(Dataset entries)
_ _ _

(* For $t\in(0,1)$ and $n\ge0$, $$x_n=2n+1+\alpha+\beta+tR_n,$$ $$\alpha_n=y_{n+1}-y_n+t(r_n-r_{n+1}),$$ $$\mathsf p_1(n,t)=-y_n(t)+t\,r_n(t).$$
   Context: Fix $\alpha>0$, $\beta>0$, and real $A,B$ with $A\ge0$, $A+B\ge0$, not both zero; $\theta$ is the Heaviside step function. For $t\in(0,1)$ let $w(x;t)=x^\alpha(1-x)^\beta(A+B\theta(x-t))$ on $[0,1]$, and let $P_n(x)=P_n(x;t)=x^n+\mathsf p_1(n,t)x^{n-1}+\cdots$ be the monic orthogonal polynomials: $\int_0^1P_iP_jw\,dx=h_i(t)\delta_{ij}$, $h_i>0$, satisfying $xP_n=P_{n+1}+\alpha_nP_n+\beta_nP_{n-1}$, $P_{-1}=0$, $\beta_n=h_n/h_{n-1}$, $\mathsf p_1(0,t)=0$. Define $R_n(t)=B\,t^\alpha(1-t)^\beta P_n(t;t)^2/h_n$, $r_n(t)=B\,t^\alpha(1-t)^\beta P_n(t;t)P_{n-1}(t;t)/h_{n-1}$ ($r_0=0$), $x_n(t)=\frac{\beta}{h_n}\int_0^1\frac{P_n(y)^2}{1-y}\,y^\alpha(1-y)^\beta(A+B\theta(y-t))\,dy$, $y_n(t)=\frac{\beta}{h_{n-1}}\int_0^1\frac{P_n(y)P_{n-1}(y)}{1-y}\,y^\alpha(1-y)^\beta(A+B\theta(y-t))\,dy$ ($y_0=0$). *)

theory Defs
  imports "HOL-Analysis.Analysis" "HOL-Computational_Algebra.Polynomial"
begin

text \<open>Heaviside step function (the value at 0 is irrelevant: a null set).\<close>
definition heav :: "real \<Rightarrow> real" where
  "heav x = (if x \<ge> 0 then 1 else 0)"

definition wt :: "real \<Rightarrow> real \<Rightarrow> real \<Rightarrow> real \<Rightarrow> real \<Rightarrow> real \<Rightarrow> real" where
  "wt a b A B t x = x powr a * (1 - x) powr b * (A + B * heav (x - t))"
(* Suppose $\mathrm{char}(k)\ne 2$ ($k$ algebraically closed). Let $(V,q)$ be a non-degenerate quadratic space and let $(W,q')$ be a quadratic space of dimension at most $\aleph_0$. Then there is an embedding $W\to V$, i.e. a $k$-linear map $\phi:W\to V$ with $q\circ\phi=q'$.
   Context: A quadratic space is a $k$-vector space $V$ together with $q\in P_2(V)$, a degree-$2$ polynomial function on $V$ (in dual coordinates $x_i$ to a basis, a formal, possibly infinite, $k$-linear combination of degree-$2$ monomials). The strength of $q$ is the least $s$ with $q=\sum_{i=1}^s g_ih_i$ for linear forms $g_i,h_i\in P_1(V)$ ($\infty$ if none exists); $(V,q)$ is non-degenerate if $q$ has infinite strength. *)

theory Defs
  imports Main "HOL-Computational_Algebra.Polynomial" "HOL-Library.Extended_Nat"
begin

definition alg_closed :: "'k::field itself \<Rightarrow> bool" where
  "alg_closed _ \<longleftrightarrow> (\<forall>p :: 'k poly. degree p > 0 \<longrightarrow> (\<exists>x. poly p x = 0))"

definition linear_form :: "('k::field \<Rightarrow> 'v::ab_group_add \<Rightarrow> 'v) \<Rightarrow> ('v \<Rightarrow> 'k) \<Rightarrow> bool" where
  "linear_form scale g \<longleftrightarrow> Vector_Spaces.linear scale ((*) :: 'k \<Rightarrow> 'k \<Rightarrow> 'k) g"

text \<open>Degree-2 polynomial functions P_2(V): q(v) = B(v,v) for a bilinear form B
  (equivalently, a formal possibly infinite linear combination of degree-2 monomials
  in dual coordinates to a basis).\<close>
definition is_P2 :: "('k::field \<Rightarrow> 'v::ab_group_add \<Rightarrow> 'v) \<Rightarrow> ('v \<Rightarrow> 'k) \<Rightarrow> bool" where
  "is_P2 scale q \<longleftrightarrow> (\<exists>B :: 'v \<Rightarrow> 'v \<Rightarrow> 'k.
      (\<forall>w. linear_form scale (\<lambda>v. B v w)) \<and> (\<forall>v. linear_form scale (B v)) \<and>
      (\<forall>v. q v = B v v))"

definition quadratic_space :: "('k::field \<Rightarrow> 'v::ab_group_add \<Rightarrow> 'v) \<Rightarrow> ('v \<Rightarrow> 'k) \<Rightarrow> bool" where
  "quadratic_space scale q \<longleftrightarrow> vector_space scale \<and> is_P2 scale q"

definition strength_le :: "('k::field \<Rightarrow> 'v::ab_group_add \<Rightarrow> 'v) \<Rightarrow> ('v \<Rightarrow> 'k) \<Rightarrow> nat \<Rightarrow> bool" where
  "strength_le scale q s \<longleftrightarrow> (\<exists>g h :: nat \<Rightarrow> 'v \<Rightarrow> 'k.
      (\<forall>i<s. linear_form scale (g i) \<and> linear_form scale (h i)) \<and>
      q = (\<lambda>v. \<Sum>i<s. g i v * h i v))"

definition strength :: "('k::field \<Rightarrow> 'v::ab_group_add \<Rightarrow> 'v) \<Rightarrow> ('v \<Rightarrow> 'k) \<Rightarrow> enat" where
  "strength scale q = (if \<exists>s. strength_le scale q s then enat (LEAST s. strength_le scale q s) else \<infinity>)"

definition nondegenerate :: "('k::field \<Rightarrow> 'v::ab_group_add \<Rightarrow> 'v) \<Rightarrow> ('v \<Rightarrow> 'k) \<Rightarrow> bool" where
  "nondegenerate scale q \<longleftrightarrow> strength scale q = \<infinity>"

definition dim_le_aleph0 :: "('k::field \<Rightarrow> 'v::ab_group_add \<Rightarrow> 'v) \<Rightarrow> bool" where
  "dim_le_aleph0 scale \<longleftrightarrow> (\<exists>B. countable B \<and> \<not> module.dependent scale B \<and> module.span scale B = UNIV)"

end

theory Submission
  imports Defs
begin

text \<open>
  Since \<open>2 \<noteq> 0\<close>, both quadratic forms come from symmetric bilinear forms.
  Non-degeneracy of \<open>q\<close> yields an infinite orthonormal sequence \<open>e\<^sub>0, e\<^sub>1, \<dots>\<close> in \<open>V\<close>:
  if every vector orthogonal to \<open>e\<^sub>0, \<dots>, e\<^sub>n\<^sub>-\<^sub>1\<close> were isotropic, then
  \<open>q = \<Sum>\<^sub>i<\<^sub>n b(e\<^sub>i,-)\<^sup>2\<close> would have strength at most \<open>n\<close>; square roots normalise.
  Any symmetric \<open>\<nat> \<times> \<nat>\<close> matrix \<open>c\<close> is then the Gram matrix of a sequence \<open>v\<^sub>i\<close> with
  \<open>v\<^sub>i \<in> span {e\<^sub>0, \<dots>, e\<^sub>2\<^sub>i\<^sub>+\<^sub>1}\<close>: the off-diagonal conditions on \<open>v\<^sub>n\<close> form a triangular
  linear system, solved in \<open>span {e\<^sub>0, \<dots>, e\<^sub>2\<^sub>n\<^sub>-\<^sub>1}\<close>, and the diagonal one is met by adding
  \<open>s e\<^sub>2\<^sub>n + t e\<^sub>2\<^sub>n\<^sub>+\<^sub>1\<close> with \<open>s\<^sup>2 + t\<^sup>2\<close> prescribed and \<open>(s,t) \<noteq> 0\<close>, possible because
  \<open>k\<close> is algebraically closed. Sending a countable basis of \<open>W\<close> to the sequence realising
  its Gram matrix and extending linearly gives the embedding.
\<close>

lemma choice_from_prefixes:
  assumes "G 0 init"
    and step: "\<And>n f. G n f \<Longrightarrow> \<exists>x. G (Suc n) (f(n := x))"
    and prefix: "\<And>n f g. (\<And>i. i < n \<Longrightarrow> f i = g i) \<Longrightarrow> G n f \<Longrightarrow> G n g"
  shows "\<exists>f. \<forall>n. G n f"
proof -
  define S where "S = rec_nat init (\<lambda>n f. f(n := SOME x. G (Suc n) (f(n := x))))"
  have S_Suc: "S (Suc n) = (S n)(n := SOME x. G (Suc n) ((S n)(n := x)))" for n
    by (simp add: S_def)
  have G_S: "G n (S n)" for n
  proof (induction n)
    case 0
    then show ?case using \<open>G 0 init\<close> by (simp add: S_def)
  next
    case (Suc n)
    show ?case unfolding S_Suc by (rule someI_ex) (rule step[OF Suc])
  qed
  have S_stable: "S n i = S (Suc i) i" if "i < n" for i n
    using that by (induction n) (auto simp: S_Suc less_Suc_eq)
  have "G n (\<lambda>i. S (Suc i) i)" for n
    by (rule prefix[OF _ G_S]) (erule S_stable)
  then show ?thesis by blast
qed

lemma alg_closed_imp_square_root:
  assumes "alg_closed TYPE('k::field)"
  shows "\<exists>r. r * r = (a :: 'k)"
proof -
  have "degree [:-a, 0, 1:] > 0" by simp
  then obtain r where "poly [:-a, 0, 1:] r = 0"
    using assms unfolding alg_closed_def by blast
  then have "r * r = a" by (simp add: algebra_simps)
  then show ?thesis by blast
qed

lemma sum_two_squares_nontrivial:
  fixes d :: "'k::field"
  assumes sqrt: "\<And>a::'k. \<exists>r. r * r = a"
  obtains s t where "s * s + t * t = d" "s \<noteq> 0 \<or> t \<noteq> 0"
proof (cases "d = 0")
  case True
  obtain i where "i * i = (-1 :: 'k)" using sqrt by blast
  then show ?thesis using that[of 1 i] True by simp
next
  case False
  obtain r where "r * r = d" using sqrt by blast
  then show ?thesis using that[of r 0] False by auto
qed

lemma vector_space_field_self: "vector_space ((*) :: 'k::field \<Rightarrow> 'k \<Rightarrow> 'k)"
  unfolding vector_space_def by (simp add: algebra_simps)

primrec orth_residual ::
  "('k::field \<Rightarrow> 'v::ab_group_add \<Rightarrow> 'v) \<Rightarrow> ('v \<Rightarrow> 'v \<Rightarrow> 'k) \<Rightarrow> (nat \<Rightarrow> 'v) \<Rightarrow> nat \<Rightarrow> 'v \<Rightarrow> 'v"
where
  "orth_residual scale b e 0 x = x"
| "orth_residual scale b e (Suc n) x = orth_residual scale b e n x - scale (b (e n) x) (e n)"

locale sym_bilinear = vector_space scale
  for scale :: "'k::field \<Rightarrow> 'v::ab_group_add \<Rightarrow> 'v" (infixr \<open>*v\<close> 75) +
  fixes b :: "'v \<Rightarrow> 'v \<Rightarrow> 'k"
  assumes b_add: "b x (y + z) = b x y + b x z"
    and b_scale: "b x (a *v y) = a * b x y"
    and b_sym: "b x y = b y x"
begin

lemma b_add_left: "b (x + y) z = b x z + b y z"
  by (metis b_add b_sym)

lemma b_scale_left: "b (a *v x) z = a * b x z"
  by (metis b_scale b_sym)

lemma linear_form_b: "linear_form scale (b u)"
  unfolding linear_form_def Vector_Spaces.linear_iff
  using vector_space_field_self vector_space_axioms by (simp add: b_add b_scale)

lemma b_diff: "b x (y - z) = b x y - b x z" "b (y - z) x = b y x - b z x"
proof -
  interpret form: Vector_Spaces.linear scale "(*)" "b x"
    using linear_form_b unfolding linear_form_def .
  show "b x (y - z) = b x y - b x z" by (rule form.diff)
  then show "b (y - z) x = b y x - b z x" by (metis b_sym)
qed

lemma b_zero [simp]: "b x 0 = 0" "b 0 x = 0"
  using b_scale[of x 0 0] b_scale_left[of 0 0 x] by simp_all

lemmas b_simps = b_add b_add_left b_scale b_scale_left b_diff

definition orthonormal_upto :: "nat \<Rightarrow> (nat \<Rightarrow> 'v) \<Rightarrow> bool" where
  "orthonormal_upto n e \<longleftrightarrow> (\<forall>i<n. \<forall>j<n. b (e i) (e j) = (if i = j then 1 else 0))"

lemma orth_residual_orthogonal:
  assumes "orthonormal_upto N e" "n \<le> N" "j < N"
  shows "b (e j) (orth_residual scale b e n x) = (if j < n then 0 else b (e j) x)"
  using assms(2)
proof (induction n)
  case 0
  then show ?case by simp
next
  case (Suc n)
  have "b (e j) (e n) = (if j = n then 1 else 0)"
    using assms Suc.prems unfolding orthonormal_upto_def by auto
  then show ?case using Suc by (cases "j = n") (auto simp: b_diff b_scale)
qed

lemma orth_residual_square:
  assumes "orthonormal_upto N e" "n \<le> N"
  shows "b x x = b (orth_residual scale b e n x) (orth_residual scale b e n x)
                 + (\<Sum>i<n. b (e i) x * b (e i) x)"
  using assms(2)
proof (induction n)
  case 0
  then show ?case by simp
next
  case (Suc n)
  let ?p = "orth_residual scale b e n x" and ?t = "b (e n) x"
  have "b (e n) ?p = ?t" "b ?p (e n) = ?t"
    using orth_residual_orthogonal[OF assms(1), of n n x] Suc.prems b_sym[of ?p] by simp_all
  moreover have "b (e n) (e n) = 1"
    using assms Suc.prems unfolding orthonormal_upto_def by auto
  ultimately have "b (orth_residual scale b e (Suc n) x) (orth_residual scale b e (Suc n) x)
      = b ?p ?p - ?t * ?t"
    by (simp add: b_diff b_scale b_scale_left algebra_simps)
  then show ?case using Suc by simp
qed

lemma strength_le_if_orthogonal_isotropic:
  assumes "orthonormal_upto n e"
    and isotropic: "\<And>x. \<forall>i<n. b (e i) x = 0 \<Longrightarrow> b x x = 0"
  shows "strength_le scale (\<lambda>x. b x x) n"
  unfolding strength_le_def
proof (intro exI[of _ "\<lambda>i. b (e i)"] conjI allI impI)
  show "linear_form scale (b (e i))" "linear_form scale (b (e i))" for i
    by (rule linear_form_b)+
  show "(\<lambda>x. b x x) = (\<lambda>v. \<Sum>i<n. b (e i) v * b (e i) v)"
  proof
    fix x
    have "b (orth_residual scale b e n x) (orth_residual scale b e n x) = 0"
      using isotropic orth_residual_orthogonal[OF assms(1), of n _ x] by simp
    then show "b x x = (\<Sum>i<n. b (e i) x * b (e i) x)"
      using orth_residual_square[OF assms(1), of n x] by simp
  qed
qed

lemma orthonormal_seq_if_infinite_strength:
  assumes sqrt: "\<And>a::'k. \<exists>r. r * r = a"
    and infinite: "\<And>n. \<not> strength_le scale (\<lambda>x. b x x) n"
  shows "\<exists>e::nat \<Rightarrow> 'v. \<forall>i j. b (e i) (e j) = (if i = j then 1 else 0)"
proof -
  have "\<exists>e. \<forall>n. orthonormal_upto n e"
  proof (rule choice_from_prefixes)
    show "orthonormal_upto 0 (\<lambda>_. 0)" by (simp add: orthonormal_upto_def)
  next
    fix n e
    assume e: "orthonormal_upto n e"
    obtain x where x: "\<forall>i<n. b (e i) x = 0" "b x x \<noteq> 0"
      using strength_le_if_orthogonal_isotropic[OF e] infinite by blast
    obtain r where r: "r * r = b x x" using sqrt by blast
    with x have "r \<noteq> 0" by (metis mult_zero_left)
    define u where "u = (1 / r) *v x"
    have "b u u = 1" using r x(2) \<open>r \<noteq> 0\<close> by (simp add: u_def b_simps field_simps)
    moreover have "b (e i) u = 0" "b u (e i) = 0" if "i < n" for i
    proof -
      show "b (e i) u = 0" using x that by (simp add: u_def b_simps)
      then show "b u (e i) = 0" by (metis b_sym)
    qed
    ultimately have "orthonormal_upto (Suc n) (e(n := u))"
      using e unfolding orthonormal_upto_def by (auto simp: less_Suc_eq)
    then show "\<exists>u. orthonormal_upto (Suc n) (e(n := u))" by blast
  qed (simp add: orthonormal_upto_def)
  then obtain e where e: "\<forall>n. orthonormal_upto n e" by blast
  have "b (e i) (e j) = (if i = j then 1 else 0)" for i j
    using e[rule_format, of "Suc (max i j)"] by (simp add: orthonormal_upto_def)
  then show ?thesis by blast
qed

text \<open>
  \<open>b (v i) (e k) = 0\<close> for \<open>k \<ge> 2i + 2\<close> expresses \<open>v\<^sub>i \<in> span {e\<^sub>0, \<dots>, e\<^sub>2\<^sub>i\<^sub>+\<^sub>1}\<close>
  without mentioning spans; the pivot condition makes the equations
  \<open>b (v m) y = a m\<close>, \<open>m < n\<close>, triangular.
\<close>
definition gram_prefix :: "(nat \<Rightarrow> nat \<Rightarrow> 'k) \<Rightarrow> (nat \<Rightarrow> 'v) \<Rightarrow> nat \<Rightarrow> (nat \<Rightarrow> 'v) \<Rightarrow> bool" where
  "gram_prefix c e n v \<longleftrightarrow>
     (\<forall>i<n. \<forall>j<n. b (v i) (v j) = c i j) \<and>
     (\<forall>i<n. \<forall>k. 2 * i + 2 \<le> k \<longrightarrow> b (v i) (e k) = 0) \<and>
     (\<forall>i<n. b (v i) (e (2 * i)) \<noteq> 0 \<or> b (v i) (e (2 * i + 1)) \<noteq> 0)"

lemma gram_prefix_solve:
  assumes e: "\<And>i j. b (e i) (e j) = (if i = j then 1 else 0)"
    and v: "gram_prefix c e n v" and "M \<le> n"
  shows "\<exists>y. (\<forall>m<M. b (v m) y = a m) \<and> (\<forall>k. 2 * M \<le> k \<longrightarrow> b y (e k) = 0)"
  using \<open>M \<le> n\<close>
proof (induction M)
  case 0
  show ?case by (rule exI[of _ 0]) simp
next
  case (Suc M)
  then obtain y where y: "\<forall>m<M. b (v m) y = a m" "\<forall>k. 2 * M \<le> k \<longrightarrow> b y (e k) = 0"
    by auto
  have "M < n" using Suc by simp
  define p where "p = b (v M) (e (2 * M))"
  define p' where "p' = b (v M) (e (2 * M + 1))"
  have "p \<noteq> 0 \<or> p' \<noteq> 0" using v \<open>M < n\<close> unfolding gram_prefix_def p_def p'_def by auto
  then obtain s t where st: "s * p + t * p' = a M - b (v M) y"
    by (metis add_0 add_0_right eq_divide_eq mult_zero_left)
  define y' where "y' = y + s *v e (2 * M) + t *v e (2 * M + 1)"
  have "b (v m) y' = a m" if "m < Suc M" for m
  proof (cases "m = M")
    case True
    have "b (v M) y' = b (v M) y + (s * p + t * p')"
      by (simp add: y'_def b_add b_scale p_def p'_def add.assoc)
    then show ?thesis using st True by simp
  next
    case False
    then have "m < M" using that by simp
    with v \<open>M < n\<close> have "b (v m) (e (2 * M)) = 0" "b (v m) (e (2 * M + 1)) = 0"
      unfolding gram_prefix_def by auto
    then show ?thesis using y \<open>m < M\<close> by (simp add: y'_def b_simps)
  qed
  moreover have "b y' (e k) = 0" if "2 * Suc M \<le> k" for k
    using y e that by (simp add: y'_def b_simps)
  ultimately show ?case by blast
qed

_ _ _

PROBLEM TO SOLVE:
Where a line above contains the string "nondegenerate", tally it, then give the number alone.

OUTPUT FOR THIS EXERCISE:
2